I'm supposed to verify that this: $\int_0^\infty \frac{dx}{x^p(x^2+2x\cos{\phi}+1)}=\pi\frac{\sin{p\phi}}{\sin{p\pi}\sin{\phi}}$
where $0 and $0<\phi<\pi$ How do I do this with a keyhole contour?

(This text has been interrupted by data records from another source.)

text \<open>Let \<open>\<tau> \<ge> 0\<close> be the root of \<open>\<Sum>\<^sub>i max 0 (2\<sigma>\<^sub>i - \<tau>) = k \<tau>\<close> (the left side is
  non-increasing and the right side increasing in \<open>\<tau>\<close>), \<open>w\<^sub>i = max 0 (2\<sigma>\<^sub>i - \<tau>)\<close> and \<open>Wstar = P diag(w) Q\<^sup>T\<close>;
  then \<open>\<tau>\<close> is the mean of the \<open>w\<^sub>i\<close>. With \<open>g\<^sub>i = min 1 (2\<sigma>\<^sub>i / \<tau>)\<close> the matrix
  \<open>G = P diag(g) Q\<^sup>T\<close> satisfies \<open>2 Mstar - Wstar = \<tau> G\<close> and
  \<open>\<langle>G, Wstar\<rangle> = nuclear_norm Wstar = k \<tau>\<close>, while \<open>\<langle>G, W\<rangle> \<le> nuclear_norm W\<close> for every \<open>W\<close>:
  pairing an SVD of \<open>W\<close> with a contraction \<open>\<alpha> diag(g) \<beta>\<^sup>T\<close> never exceeds the sum of the
  singular values, by Bessel's inequality. Expanding the square then gives
  \<open>\<Phi> W \<ge> \<Phi> Wstar + (frob_norm (W - Wstar))\<^sup>2 / 4\<close>, so \<open>Wstar\<close> is the unique minimiser.
  As the nuclear norm is defined through an arbitrary SVD, one also needs that SVDs exist and
  that the sum of singular values does not depend on the SVD; the latter is the same duality
  bound applied in both directions. For existence, singular triples are added one at a time
  from unit eigenvectors of \<open>W\<^sup>T W\<close> (or of \<open>W W\<^sup>T\<close>) orthogonal to those already found; real
  symmetric matrices have real eigenvectors because their complex eigenvalues are real.\<close>

section \<open>Vectors and orthonormal families\<close>

text \<open>A vector of \<open>\<real>^n\<close> is a function \<open>nat \<Rightarrow> real\<close> of which only the entries below \<open>n\<close>
  matter, a matrix is a function of two indices, and a family of \<open>r\<close> vectors is a function
  \<open>v\<close> with members \<open>v a\<close> for \<open>a < r\<close>.\<close>

definition dot :: "nat \<Rightarrow> (nat \<Rightarrow> real) \<Rightarrow> (nat \<Rightarrow> real) \<Rightarrow> real" where
  "dot n x y = (\<Sum>i<n. x i * y i)"

definition mat_vec :: "nat \<Rightarrow> (nat \<Rightarrow> nat \<Rightarrow> real) \<Rightarrow> (nat \<Rightarrow> real) \<Rightarrow> nat \<Rightarrow> real" where
  "mat_vec n A x i = (\<Sum>j<n. A i j * x j)"

definition transposed :: "('a \<Rightarrow> 'b \<Rightarrow> 'c) \<Rightarrow> 'b \<Rightarrow> 'a \<Rightarrow> 'c" where
  "transposed A j i = A i j"

definition orthonormal :: "nat \<Rightarrow> nat \<Rightarrow> (nat \<Rightarrow> nat \<Rightarrow> real) \<Rightarrow> bool" where
  "orthonormal n r v \<longleftrightarrow> (\<forall>a<r. \<forall>b<r. dot n (v a) (v b) = (if a = b then 1 else 0))"

lemma transposed_transposed [simp]: "transposed (transposed A) = A"
  by (simp add: fun_eq_iff transposed_def)

lemma dot_commute: "dot n x y = dot n y x"
  by (simp add: dot_def mult.commute)

lemma dot_self_nonneg: "0 \<le> dot n x x"
  by (simp add: dot_def sum_nonneg)

lemma dot_self_eq_0_iff: "dot n x x = 0 \<longleftrightarrow> (\<forall>i<n. x i = 0)"
  unfolding dot_def by (subst sum_nonneg_eq_0_iff) auto

lemma dot_scale_left: "dot n (\<lambda>i. c * x i) y = c * dot n x y"
  by (simp add: dot_def sum_distrib_left algebra_simps)

lemma dot_scale_right: "dot n x (\<lambda>i. c * y i) = c * dot n x y"
  by (simp add: dot_def sum_distrib_left algebra_simps)

lemma dot_sum_left: "dot n (\<lambda>i. \<Sum>a\<in>A. f a i) y = (\<Sum>a\<in>A. dot n (f a) y)"
  unfolding dot_def sum_distrib_right by (rule sum.swap)

lemma dot_sum_right: "dot n x (\<lambda>i. \<Sum>a\<in>A. f a i) = (\<Sum>a\<in>A. dot n x (f a))"
  unfolding dot_def sum_distrib_left by (rule sum.swap)
lemma score_fun_upd_antimono:
  "fst a = i \<or> snd a = i \<Longrightarrow> player_sign i a * u \<le> player_sign i a * v \<Longrightarrow> j \<noteq> i
    \<Longrightarrow> score n (r(a := v)) j \<le> score n (r(a := u)) j"
  unfolding score_def by (intro sum_mono X_fun_upd_antimono)

lemma sstar_mono:
  assumes "p \<le> 1" "1 \<le> n" "score n r i \<le> score n r' j"
  shows "sstar n p r i \<le> sstar n p r' j"
proof -
  have "0 \<le> sqrt ((real n - 1) * (1 - p) / 4)"
    using assms(1,2) by simp
  with assms(3) show ?thesis
    unfolding sstar_def by (intro divide_right_mono) auto
qed
text \<open>\<open>E_longitude\<close> and \<open>E_cubic\<close> are the equations \<open>s\<^sup>2 u t = longitude_num s u d\<close> and
  \<open>C_poly s u d = 0\<close> with \<open>d\<close> eliminated through \<open>d (s - u) = d_num s t u v\<close>, multiplied
  by a power of \<open>s - u\<close>.\<close>

definition E_longitude :: "complex \<Rightarrow> complex \<Rightarrow> complex \<Rightarrow> complex \<Rightarrow> complex" where
  "E_longitude s t u v = (s-u)^2*(s^2*u*t) - ((s-u)^2*(s*u - s*u^2 + s^2*u^2)
     + d_num s t u v*(s-u)*(2*s*u + 1 - u) + (d_num s t u v)^2)"

definition E_cubic :: "complex \<Rightarrow> complex \<Rightarrow> complex \<Rightarrow> complex \<Rightarrow> complex" where
  "E_cubic s t u v = (s-u)^3*(s*u*(s-1)*(u-1))
     + d_num s t u v*(s-u)^2*(1 - s - u + 4*s*u - s^2*u - s*u^2 + s^2*u^2)
     + (d_num s t u v)^2*(s-u)*(2 - s - u + 2*s*u) + (d_num s t u v)^3"

definition E_polys :: "(complex list \<Rightarrow> complex) set" where
  "E_polys = {\<lambda>q. E_longitude (q!0) (q!1) (q!2) (q!3), \<lambda>q. E_longitude (q!2) (q!3) (q!0) (q!1),
     \<lambda>q. E_cubic (q!0) (q!1) (q!2) (q!3)}"

lemma E_polys_homogenize:
  assumes "d*(s-u) = d_num s t u v"
  shows "E_longitude s t u v = (s-u)^2*(s^2*u*t - longitude_num s u d)"
    and "E_longitude u v s t = (u-s)^2*(u^2*s*v - longitude_num u s d)"
    and "E_cubic s t u v = (s-u)^3 * C_poly s u d"
proof -
  have swapped: "d_num u v s t = d*(u-s)"
    using assms unfolding d_num_def by algebra
  show "E_longitude s t u v = (s-u)^2*(s^2*u*t - longitude_num s u d)"
    unfolding E_longitude_def longitude_num_def assms[symmetric] by algebra
  show "E_longitude u v s t = (u-s)^2*(u^2*s*v - longitude_num u s d)"
    unfolding E_longitude_def longitude_num_def swapped by algebra
  show "E_cubic s t u v = (s-u)^3 * C_poly s u d"
    unfolding E_cubic_def C_poly_def assms[symmetric] by algebra
qed
text \<open>Random vectors/sequences are indexed from 1: X 1, X 2, ... ; the length n is an
  extended natural number (n = \<infinity> for a sequence).\<close>

definition prefix_law :: "'a measure \<Rightarrow> (nat \<Rightarrow> 'a \<Rightarrow> real) \<Rightarrow> nat \<Rightarrow> (nat \<Rightarrow> real) measure" where
  "prefix_law M Y l = distr M (PiM {1..l} (\<lambda>_. borel)) (\<lambda>\<omega>. \<lambda>i\<in>{1..l}. Y i \<omega>)"

definition RE_kl :: "'a measure \<Rightarrow> (nat \<Rightarrow> 'a \<Rightarrow> real) \<Rightarrow> nat \<Rightarrow> nat \<Rightarrow> bool" where
  "RE_kl M Y k l \<longleftrightarrow> 1 \<le> k \<and> k < l \<and>
     prefix_law M Y l =
     prefix_law M (\<lambda>i \<omega>. if i = k then - Y l \<omega> else if i = l then - Y k \<omega> else Y i \<omega>) l"

definition RE :: "'a measure \<Rightarrow> (nat \<Rightarrow> 'a \<Rightarrow> real) \<Rightarrow> nat \<Rightarrow> bool" where
  "RE M Y l \<longleftrightarrow> (\<exists>k. 1 \<le> k \<and> k < l \<and> RE_kl M Y k l)"

definition cdf_rv :: "'a measure \<Rightarrow> ('a \<Rightarrow> real) \<Rightarrow> real \<Rightarrow> real" where
  "cdf_rv M U x = measure M {\<omega> \<in> space M. U \<omega> \<le> x}"

definition st_le :: "'a measure \<Rightarrow> ('a \<Rightarrow> real) \<Rightarrow> ('a \<Rightarrow> real) \<Rightarrow> bool" where
  "st_le M U V \<longleftrightarrow> (\<forall>x. cdf_rv M U x \<ge> cdf_rv M V x)"

definition st_less :: "'a measure \<Rightarrow> ('a \<Rightarrow> real) \<Rightarrow> ('a \<Rightarrow> real) \<Rightarrow> bool" where
  "st_less M U V \<longleftrightarrow> st_le M U V \<and> (\<exists>x. cdf_rv M U x > cdf_rv M V x)"

definition eq_dist :: "'a measure \<Rightarrow> ('a \<Rightarrow> real) \<Rightarrow> ('a \<Rightarrow> real) \<Rightarrow> bool" where
  "eq_dist M U V \<longleftrightarrow> distr M borel U = distr M borel V"

definition maxX :: "(nat \<Rightarrow> 'a \<Rightarrow> real) \<Rightarrow> nat \<Rightarrow> 'a \<Rightarrow> real" where
  "maxX X l \<omega> = Max ((\<lambda>i. X i \<omega>) ` {1..l})"

definition minX :: "(nat \<Rightarrow> 'a \<Rightarrow> real) \<Rightarrow> nat \<Rightarrow> 'a \<Rightarrow> real" where
  "minX X l \<omega> = Min ((\<lambda>i. X i \<omega>) ` {1..l})"

definition SIAMX :: "'a measure \<Rightarrow> (nat \<Rightarrow> 'a \<Rightarrow> real) \<Rightarrow> enat \<Rightarrow> bool" where
  "SIAMX M X n \<longleftrightarrow> eq_dist M (\<lambda>\<omega>. \<bar>X 1 \<omega>\<bar>) (\<lambda>\<omega>. \<bar>maxX X 2 \<omega>\<bar>) \<and>
     (\<forall>l. 3 \<le> l \<and> enat l \<le> n \<longrightarrow> st_le M (\<lambda>\<omega>. \<bar>maxX X (l - 1) \<omega>\<bar>) (\<lambda>\<omega>. \<bar>maxX X l \<omega>\<bar>))"

definition SSIAMX :: "'a measure \<Rightarrow> (nat \<Rightarrow> 'a \<Rightarrow> real) \<Rightarrow> enat \<Rightarrow> bool" where
  "SSIAMX M X n \<longleftrightarrow> eq_dist M (\<lambda>\<omega>. \<bar>X 1 \<omega>\<bar>) (\<lambda>\<omega>. \<bar>maxX X 2 \<omega>\<bar>) \<and>
     (\<forall>l. 3 \<le> l \<and> enat l \<le> n \<longrightarrow> st_less M (\<lambda>\<omega>. \<bar>maxX X (l - 1) \<omega>\<bar>) (\<lambda>\<omega>. \<bar>maxX X l \<omega>\<bar>))"

definition SIAMN :: "'a measure \<Rightarrow> (nat \<Rightarrow> 'a \<Rightarrow> real) \<Rightarrow> enat \<Rightarrow> bool" where
  "SIAMN M X n \<longleftrightarrow> eq_dist M (\<lambda>\<omega>. \<bar>X 1 \<omega>\<bar>) (\<lambda>\<omega>. \<bar>minX X 2 \<omega>\<bar>) \<and>
     (\<forall>l. 3 \<le> l \<and> enat l \<le> n \<longrightarrow> st_le M (\<lambda>\<omega>. \<bar>minX X (l - 1) \<omega>\<bar>) (\<lambda>\<omega>. \<bar>minX X l \<omega>\<bar>))"

definition SSIAMN :: "'a measure \<Rightarrow> (nat \<Rightarrow> 'a \<Rightarrow> real) \<Rightarrow> enat \<Rightarrow> bool" where
  "SSIAMN M X n \<longleftrightarrow> eq_dist M (\<lambda>\<omega>. \<bar>X 1 \<omega>\<bar>) (\<lambda>\<omega>. \<bar>minX X 2 \<omega>\<bar>) \<and>
     (\<forall>l. 3 \<le> l \<and> enat l \<le> n \<longrightarrow> st_less M (\<lambda>\<omega>. \<bar>minX X (l - 1) \<omega>\<bar>) (\<lambda>\<omega>. \<bar>minX X l \<omega>\<bar>))"

end

theory Submission
  imports Defs
begin

text \<open>
  Fix \<open>t \<ge> 0\<close> and let \<open>A(l)\<close> be the event \<open>\<bar>max(X 1, ..., X l)\<bar> \<le> t\<close>. The event
  \<open>A(l) - A(l-1)\<close> says that \<open>X 1, ..., X (l-1) < -t\<close> and \<open>\<bar>X l\<bar> \<le> t\<close>; the reflection
  \<open>(X k, X l) \<mapsto> (-X l, -X k)\<close> granted by RE(k,l) carries it to an event of the same probability
  inside \<open>A(l-1) - A(l)\<close>. Hence \<open>P(A(l)) \<le> P(A(l-1))\<close>, and the difference is the probability
  that \<open>\<bar>max(X 1, ..., X (l-1))\<bar> \<le> t < X l\<close> while \<open>X i \<ge> -t\<close> for some \<open>i \<noteq> k\<close>. For \<open>l = 2\<close>
  there is no such \<open>i\<close>, whence equality in distribution; for \<open>l \<ge> 3\<close> the difference is positive
  at some rational \<open>t\<close> as soon as \<open>X l > max \<bar>X i\<bar>\<close> has positive probability. The statements
  about the minimum are those about the maximum of \<open>-X\<close>, which inherits RE.
\<close>

lemma maxX_last:
  "2 \<le> l \<Longrightarrow> maxX X l \<omega> = max (maxX X (l - 1) \<omega>) (X l \<omega>)"
proof -
  assume "2 \<le> l"
  then have "{1..l} = insert l {1..l - 1}" "{1..l - 1} \<noteq> {}" by auto
  then show ?thesis unfolding maxX_def by (simp add: max.commute)
qed

lemma maxX_less_iff: "1 \<le> m \<Longrightarrow> maxX X m \<omega> < c \<longleftrightarrow> (\<forall>i\<in>{1..m}. X i \<omega> < c)"
  unfolding maxX_def by simp

lemma maxX_le_iff: "1 \<le> m \<Longrightarrow> maxX X m \<omega> \<le> c \<longleftrightarrow> (\<forall>i\<in>{1..m}. X i \<omega> \<le> c)"
  unfolding maxX_def by simp
(* Let $X\subset\mathbb{R}^n$ be closed, equal to the closure of its interior, and invariant under translation by a vector $v\in\mathbb{R}^n$ (i.e. $x\in X\Rightarrow x+\lambda v\in X$ for all $\lambda\in\mathbb{R}$), and let $f:X\to\mathbb{R}^n$ be locally Lipschitz, with flow $\varphi_t$ of $\dot x=f(x)$ (solutions unique and maximally defined, defined at least for all $t\ge 0$). Then the flow satisfies $\varphi_t(\xi+\lambda v)=\varphi_t(\xi)+\lambda v$ for all $\lambda\in\mathbb{R}$, all $\xi\in X$ and all admissible $t$ if and only if: for all $x_1,x_2\in X$ with $x_1-x_2\in\operatorname{span}\{v\}$ one has $f(x_1)=f(x_2)$. *)

theory Defs
  imports "HOL-Analysis.Analysis"
begin

definition locally_lipschitz_on :: "'a::metric_space set \<Rightarrow> ('a \<Rightarrow> 'b::metric_space) \<Rightarrow> bool" where
  "locally_lipschitz_on X f \<longleftrightarrow>
     (\<forall>x\<in>X. \<exists>e>0. \<exists>L. \<forall>y\<in>X \<inter> ball x e. \<forall>z\<in>X \<inter> ball x e. dist (f y) (f z) \<le> L * dist y z)"

definition is_solution_on ::
  "('a::real_normed_vector \<Rightarrow> 'a) \<Rightarrow> 'a set \<Rightarrow> real set \<Rightarrow> (real \<Rightarrow> 'a) \<Rightarrow> bool" where
  "is_solution_on f X I y \<longleftrightarrow> is_interval I \<and>
     (\<forall>t\<in>I. y t \<in> X \<and> (y has_vector_derivative f (y t)) (at t within I))"

definition is_max_flow ::
  "('a::real_normed_vector \<Rightarrow> 'a) \<Rightarrow> 'a set \<Rightarrow> ('a \<Rightarrow> real set) \<Rightarrow> (real \<Rightarrow> 'a \<Rightarrow> 'a) \<Rightarrow> bool" where
  "is_max_flow f X J phi \<longleftrightarrow>
     (\<forall>\<xi>\<in>X. {0..} \<subseteq> J \<xi> \<and> phi 0 \<xi> = \<xi> \<and> is_solution_on f X (J \<xi>) (\<lambda>t. phi t \<xi>) \<and>
        (\<forall>I y. is_solution_on f X I y \<and> 0 \<in> I \<and> y 0 = \<xi> \<longrightarrow>
               I \<subseteq> J \<xi> \<and> (\<forall>t\<in>I. y t = phi t \<xi>)))"

end

theory Submission
  imports Defs
begin

text \<open>If f is invariant along v, the translate of a solution by c v is again a solution, so by
  uniqueness of maximal solutions the flow commutes with the translation. Conversely, differentiating
  \<open>\<phi>\<^sub>t(\<xi> + c v) = \<phi>\<^sub>t(\<xi>) + c v\<close> from the right at t = 0 gives \<open>f(\<xi> + c v) = f(\<xi>)\<close>.\<close>

lemma max_flow_solution:
  assumes "is_max_flow f X J phi" and "\<xi> \<in> X"
  shows "{0..} \<subseteq> J \<xi>" and "phi 0 \<xi> = \<xi>" and "is_solution_on f X (J \<xi>) (\<lambda>t. phi t \<xi>)"
  using assms unfolding is_max_flow_def by auto

lemma max_flow_unique:
  assumes "is_max_flow f X J phi" and "\<xi> \<in> X"
    and "is_solution_on f X I y" and "0 \<in> I" and "y 0 = \<xi>" and "t \<in> I"
  shows "y t = phi t \<xi>"
  using assms unfolding is_max_flow_def by blast

lemma max_flow_has_vector_derivative_at_0:
  assumes "is_max_flow f X J phi" and "\<xi> \<in> X"
  shows "((\<lambda>t. phi t \<xi>) has_vector_derivative f \<xi>) (at 0 within {0..})"
proof -
  have "(\<lambda>t. phi t \<xi>) 0 = \<xi>" and "0 \<in> J \<xi>" and "{0..} \<subseteq> J \<xi>"
    using max_flow_solution[OF assms] by auto
  moreover have "\<forall>t\<in>J \<xi>. ((\<lambda>t. phi t \<xi>) has_vector_derivative f (phi t \<xi>)) (at t within J \<xi>)"
    using max_flow_solution(3)[OF assms] unfolding is_solution_on_def by blast
  ultimately show ?thesis
    by (metis has_vector_derivative_within_subset)
qed

lemma is_solution_on_translate:
  assumes "is_solution_on f X I y"
    and "\<And>x. x \<in> X \<Longrightarrow> x + a \<in> X" and "\<And>x. x \<in> X \<Longrightarrow> f (x + a) = f x"
  shows "is_solution_on f X I (\<lambda>t. y t + a)"
  unfolding is_solution_on_def
proof (intro conjI ballI)
  show "is_interval I"
    using assms(1) unfolding is_solution_on_def by blast
next
  fix s assume "s \<in> I"
  then have ys: "y s \<in> X" and "(y has_vector_derivative f (y s)) (at s within I)"
    using assms(1) unfolding is_solution_on_def by auto
  then have "((\<lambda>t. y t + a) has_vector_derivative f (y s)) (at s within I)"
    by (auto intro: derivative_eq_intros)
  then show "((\<lambda>t. y t + a) has_vector_derivative f (y s + a)) (at s within I)"
    using assms(3)[OF ys] by simp
  show "y s + a \<in> X"
    using assms(2)[OF ys] .
qed

lemma max_flow_translate:
  assumes flow: "is_max_flow f X J phi"
    and X_inv: "\<And>x. x \<in> X \<Longrightarrow> x + a \<in> X" and f_inv: "\<And>x. x \<in> X \<Longrightarrow> f (x + a) = f x"
    and "\<xi> \<in> X" and "t \<in> J \<xi>"
  shows "phi t (\<xi> + a) = phi t \<xi> + a"
proof -
  have "is_solution_on f X (J \<xi>) (\<lambda>t. phi t \<xi> + a)"
    by (rule is_solution_on_translate[OF max_flow_solution(3)[OF flow \<open>\<xi> \<in> X\<close>] X_inv f_inv])
  moreover have "0 \<in> J \<xi>" and "phi 0 \<xi> + a = \<xi> + a"
    using max_flow_solution(1,2)[OF flow \<open>\<xi> \<in> X\<close>] by auto
  ultimately show ?thesis
    using max_flow_unique[OF flow X_inv[OF \<open>\<xi> \<in> X\<close>]] \<open>t \<in> J \<xi>\<close> by metis
qed

lemma max_flow_translate_imp_field_eq:
  assumes flow: "is_max_flow f X J phi" and "\<xi> \<in> X" and "\<xi> + a \<in> X"
    and commute: "\<And>t. t \<ge> 0 \<Longrightarrow> phi t (\<xi> + a) = phi t \<xi> + a"
  shows "f (\<xi> + a) = f \<xi>"
proof -
  have "((\<lambda>t. phi t \<xi> + a) has_vector_derivative f \<xi>) (at 0 within {0..})"
    using max_flow_has_vector_derivative_at_0[OF flow \<open>\<xi> \<in> X\<close>]
    by (auto intro: derivative_eq_intros)
  moreover have "((\<lambda>t. phi t \<xi> + a) has_vector_derivative f (\<xi> + a)) (at 0 within {0..})"
    using max_flow_has_vector_derivative_at_0[OF flow \<open>\<xi> + a \<in> X\<close>]
    by (rule has_vector_derivative_transform[rotated 2]) (auto simp: commute)
  moreover have "\<not> trivial_limit (at (0::real) within {0..})"
    by (simp add: at_within_Ici_at_right)
  ultimately show ?thesis
    using vector_derivative_unique_within by metis
qed

text \<open>Only the translation invariance of X and the flow hypothesis are used: uniqueness of solutions,
  which the Lipschitz condition is meant to guarantee, is already part of \<open>is_max_flow\<close>.\<close>

theorem lemma1:
  fixes X :: "(real ^ 'n) set" and v :: "real ^ 'n" and f :: "real ^ 'n \<Rightarrow> real ^ 'n"
    and J :: "real ^ 'n \<Rightarrow> real set" and phi :: "real \<Rightarrow> real ^ 'n \<Rightarrow> real ^ 'n"
  assumes "closed X"
    and "closure (interior X) = X"
    and "\<forall>x\<in>X. \<forall>c::real. x + c *\<^sub>R v \<in> X"
    and "locally_lipschitz_on X f"
    and "is_max_flow f X J phi"
  shows "(\<forall>\<xi>\<in>X. \<forall>c::real. \<forall>t\<in>J \<xi>. phi t (\<xi> + c *\<^sub>R v) = phi t \<xi> + c *\<^sub>R v)
     \<longleftrightarrow> (\<forall>x1\<in>X. \<forall>x2\<in>X. x1 - x2 \<in> span {v} \<longrightarrow> f x1 = f x2)"
proof
  assume commute: "\<forall>\<xi>\<in>X. \<forall>c::real. \<forall>t\<in>J \<xi>. phi t (\<xi> + c *\<^sub>R v) = phi t \<xi> + c *\<^sub>R v"
  show "\<forall>x1\<in>X. \<forall>x2\<in>X. x1 - x2 \<in> span {v} \<longrightarrow> f x1 = f x2"
  proof (intro ballI impI)
    fix x1 x2 assume "x1 \<in> X" "x2 \<in> X" "x1 - x2 \<in> span {v}"
    then obtain c where "x1 - x2 = c *\<^sub>R v"
      by (auto simp: span_singleton)
    then have x1: "x1 = x2 + c *\<^sub>R v"
      by (simp add: algebra_simps)
    have "t \<ge> 0 \<Longrightarrow> phi t (x2 + c *\<^sub>R v) = phi t x2 + c *\<^sub>R v" for t
      using commute max_flow_solution(1)[OF assms(5) \<open>x2 \<in> X\<close>] \<open>x2 \<in> X\<close> by auto
    then show "f x1 = f x2"
      using max_flow_translate_imp_field_eq[OF assms(5) \<open>x2 \<in> X\<close>] \<open>x1 \<in> X\<close> x1 by blast
  qed
next
  assume "\<forall>x1\<in>X. \<forall>x2\<in>X. x1 - x2 \<in> span {v} \<longrightarrow> f x1 = f x2"
  then have "f (x + c *\<^sub>R v) = f x" if "x \<in> X" for x c
    using assms(3) that by (simp add: span_base span_scale)
  then show "\<forall>\<xi>\<in>X. \<forall>c::real. \<forall>t\<in>J \<xi>. phi t (\<xi> + c *\<^sub>R v) = phi t \<xi> + c *\<^sub>R v"
    using max_flow_translate[OF assms(5)] assms(3) by blast
qed

end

The basic procedure is very simple. Suppose we are using the standard keyhole contour of radius $R$ and with the branch cut of the logarithm along the positive real axis and its argument between $0$ and $2\pi.$
Let $f(x) = \frac{e^{-p \log x}}{x^2+ 2x\cos\phi+1}$ and let $I$ be the integral we are looking for. Writing $ I = \int_0^\infty f(x) dx = \int_0^\infty \frac{e^{-p \log x}}{x^2+ 2x\cos\phi+1} dx$ and integrating counterclockwise we see that the segment just above the real axis goes to $I,$ and the one below to $-I e^{-2\pi i p}.$
Now note that the only additional two poles are at $ \rho_{0,1} = -\cos\phi \pm \sqrt{\cos^2\phi -1} = -\cos\phi \pm i\sin\phi = - e^{\mp i\phi} = e^{\pi i} e^{\mp i\phi}.$
It follows by the Cauchy Residue Theorem that $ I \left(1- e^{-2\pi i p} \right) = 2\pi i \left(\operatorname{Res}_{x=\rho_0} f(x) + \operatorname{Res}_{x=\rho_1} f(x)\right).$
By definition we have $ \operatorname{Res}_{x=\rho_0} f(x) = \lim_{x\to\rho_0} \frac{x^{-p}}{x-\rho_1} = \frac{e^{-\pi i p} e^{p i\phi}}{2i\sin\phi} $ and $ \operatorname{Res}_{x=\rho_1} f(x) = \lim_{x\to\rho_1} \frac{x^{-p}}{x-\rho_0} = -\frac{e^{-\pi i p} e^{-p i\phi}}{2i\sin\phi} $
Putting it all together, we find $I \left(1 - e^{-2\pi i p} \right) = 2\pi i \, e^{-\pi i p} \frac{e^{p i\phi} - e^{-p i\phi}}{2i\sin\phi} = 2\pi i \, e^{-\pi i p} \frac{\sin (p\phi)}{\sin\phi}$ or $ I = \frac{2\pi i \, e^{-\pi i p}}{1 - e^{-2\pi i p}} \frac{\sin (p\phi)}{\sin\phi} = \frac{2\pi i}{e^{\pi i p} - e^{-\pi i p}} \frac{\sin (p\phi)}{\sin\phi} = \frac{\pi}{\sin(\pi p)} \frac{\sin (p\phi)}{\sin\phi}.$ It remains to verify that the integral along the outer circle of radius $R$ disappears as $R$ goes to infinity. But $f(x)$ is $O(1/R^{2+p})$ so the integral is $O(1/R^{1+p})$ which disappears as claimed.